The “reasons” for their behavior are often straightforward at first. They claim they made a mistake, and may fake empathy and remorse to convince us that it’s not going to happen again.

Facing the Reality

As the behavior continues, however, the “reasons” shift to those outside that normal framework of human behavior. 

It never happened.  Or we are exaggerating and what they did isn’t a big deal.  Or it’s our fault and we deserved it.

In short, they manipulate us into believing they have a conscience and that it’s our perceptions of their behavior that are wrong. [Read “How Narcissists Play Mind Games to Make You Think the Problem is You“]

Confusion sets in and we put ourselves through a nonstop internal inquisition:

  • What’s wrong with my partner?
  • Is my partner “good” or “bad?”
  • What if the problem is really me?
  • Does my partner intend to hurt me?
  • Can my partner change?

When we accept their “reasons,” we lose ourselves and that initial judgment we made about what they’ve done. These questions chain us to our partners, as we swing between accepting their verbal explanations and knowing through some deeply buried part of ourselves that their behavior isn’t normal. [Read “The 5 Stages of No Contact with a Narcissist“]

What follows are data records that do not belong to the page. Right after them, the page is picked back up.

(* Let $P_0,P_1,P_2\in\mathbb H$ be three points not lying on a common geodesic, labelled so that $\chi:=\langle P_0\tilde\times P_1,P_2\rangle>0$, and let $\varepsilon\in\{-1,1\}$. For $i\in\mathbb Z/3\mathbb Z$ let $$R_i:=\frac{\sqrt{1-2\langle P_{i+1},P_{i+2}\rangle}\,(P_{i+1}+P_{i+2})+\varepsilon\, P_{i+1}\tilde\times P_{i+2}}{\sqrt3\,\bigl(1-\langle P_{i+1},P_{i+2}\rangle\bigr)}\in\mathbb H$$ (the centroid of the equilateral triangle $P_{i+1}P_{i+2}Q_i$ with $Q_i=\frac{-\langle P_{i+1},P_{i+2}\rangle(P_{i+1}+P_{i+2})+\varepsilon\sqrt{1-2\langle P_{i+1},P_{i+2}\rangle}\,P_{i+1}\tilde\times P_{i+2}}{1-\langle P_{i+1},P_{i+2}\rangle}$), so that $R_0R_1R_2$ is the Napoleonization of $P_0P_1P_2$. If the triangle $R_0R_1R_2$ is equilateral, i.e. $\langle R_0,R_1\rangle=\langle R_1,R_2\rangle=\langle R_2,R_0\rangle$, then $P_0P_1P_2$ is equilateral, i.e. $\langle P_0,P_1\rangle=\langle P_1,P_2\rangle=\langle P_2,P_0\rangle$.
   Context: On $\mathbb R^3$ the Minkowski form is $\langle v,w\rangle=-v_1w_1+v_2w_2+v_3w_3$. The hyperbolic plane is the upper sheet $\mathbb H=\{P\in\mathbb R^3:\langle P,P\rangle=-1,\ P_1\ge 1\}$, with distance $\operatorname{arccosh}(-\langle P,Q\rangle)$. The hyperbolic cross product is $v\tilde\times w:=J(v\times w)$, where $\times$ is the Euclidean cross product and $J=\mathrm{diag}(-1,1,1)$. The centroid of a triangle with vertices $A,B,C\in\mathbb H$ is $(A+B+C)/\sqrt{-\langle A+B+C,A+B+C\rangle}$. A triangle $ABC$ in $\mathbb H$ is equilateral if $\langle A,B\rangle=\langle B,C\rangle=\langle C,A\rangle$. The sign $\varepsilon$ is used for all three sides (equilateral triangles all erected on the same side). *)

theory Defs
  imports "HOL-Analysis.Analysis" "HOL-Analysis.Cross3"
begin

definition mink :: "real^3 \<Rightarrow> real^3 \<Rightarrow> real" where
  "mink v w = - (v$1 * w$1) + v$2 * w$2 + v$3 * w$3"

definition Jmat :: "real^3 \<Rightarrow> real^3" where
  "Jmat v = vector [- (v$1), v$2, v$3]"

definition hcross :: "real^3 \<Rightarrow> real^3 \<Rightarrow> real^3" where
  "hcross v w = Jmat (cross3 v w)"

definition hyp_plane :: "(real^3) set" where
  "hyp_plane = {P. mink P P = -1 \<and> P$1 \<ge> 1}"

text \<open>A geodesic of the hyperboloid model is the intersection with a plane through
  the origin; three points lie on a common geodesic iff they are linearly dependent.\<close>
definition on_common_geodesic :: "real^3 \<Rightarrow> real^3 \<Rightarrow> real^3 \<Rightarrow> bool" where
  "on_common_geodesic A B C \<longleftrightarrow> (\<exists>n::real^3. n \<noteq> 0 \<and> n \<bullet> A = 0 \<and> n \<bullet> B = 0 \<and> n \<bullet> C = 0)"

definition napR :: "real \<Rightarrow> real^3 \<Rightarrow> real^3 \<Rightarrow> real^3" where
  "napR \<epsilon> A B =
     (1 / (sqrt 3 * (1 - mink A B))) *\<^sub>R
       (sqrt (1 - 2 * mink A B) *\<^sub>R (A + B) + \<epsilon> *\<^sub>R hcross A B)"

end

theory Submission
  imports Defs
begin

text \<open>Write \<open>x, y, z\<close> for the side parameters \<open>sqrt (1 - 2 \<langle>P\<^sub>i, P\<^sub>j\<rangle>)\<close> and
  \<open>t = \<epsilon> \<chi>\<close>. Expanding the Napoleon centroids, each pairing \<open>\<langle>R\<^sub>i, R\<^sub>j\<rangle>\<close> is \<open>4/3\<close> times
  a polynomial in \<open>x, y, z, t\<close> divided by \<open>(1 + x\<^sup>2) (1 + y\<^sup>2)\<close>. After clearing
  denominators, the two cyclic differences of these pairings factor as \<open>(x - z) K\<close> and
  \<open>(y - x) K\<close> with one cyclically invariant \<open>K\<close>. If the side parameters are not all
  equal then \<open>K = 0\<close>; squaring and substituting \<open>t\<^sup>2\<close> (a Gram determinant) turns this
  into a sum of the squares \<open>(x - y)\<^sup>2\<close> with positive weights being zero, which is absurd.
  Only \<open>\<epsilon>\<^sup>2 = 1\<close> and \<open>t\<^sup>2\<close> enter.\<close>

lemma mink_commute: "mink v w = mink w v"
  by (simp add: mink_def algebra_simps)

Stopping these questions in their tracks can seem impossible, but it is very possible. My book, Why Can’t I Just Leave, takes you step-by-step through the path that got you here and helps lead you straight to the exit. Click here to read a free preview.

To break free of their hold over us, we must recognize which questions are worth answering, find the true answers for the questions that are worthwhile, and recognize that the sole reason they do the things they do is that they want to and they are not limited by a conscience. [Read “7 Things that Supercharge Narcissistic Abuse Recovery”]

References

Martha Stout, The Sociopath Next Door (New York: Harmony Books, 2005), 52–3.

Kristen Milstead

Kristen Milstead is a narcissistic abuse survivor who has become a strong advocate for finding your unique voice and using it to help others find theirs.

One Comment

  1. “The sole reason they do the things they do is that they want to and they are not limited by a conscience.” 100%. That’s all we need to know. It took me forever to comprehend and accept that. It’s just so hard for non-narcs to wrap our minds around. I’m out 4 years from a 5-year off-the-charts-intense addiction/engagement/almost marriage, in middle age no less, and am a shell of my former self. But I’m breathing, which I wouldn’t be if we were still together. He harrassed me with the full scale of hoovering for 3 years after I ended it, including before and after I obtained a protection order. I ignored him completely as if he were dead (my fervent desire), and it took him that long to figure out that *one* female on the planet acutally doesn’t want him. Shocker! — though of course it’s certainly nothing he did! “Women are crazy.” Zero capacity to self-reflect and learn. He’s been silent for a little over a year. He finally gets that it’s over. Your website and columns have enabled me to hang on to the tiny bit of sanity I have left. Words can’t express my gratitude.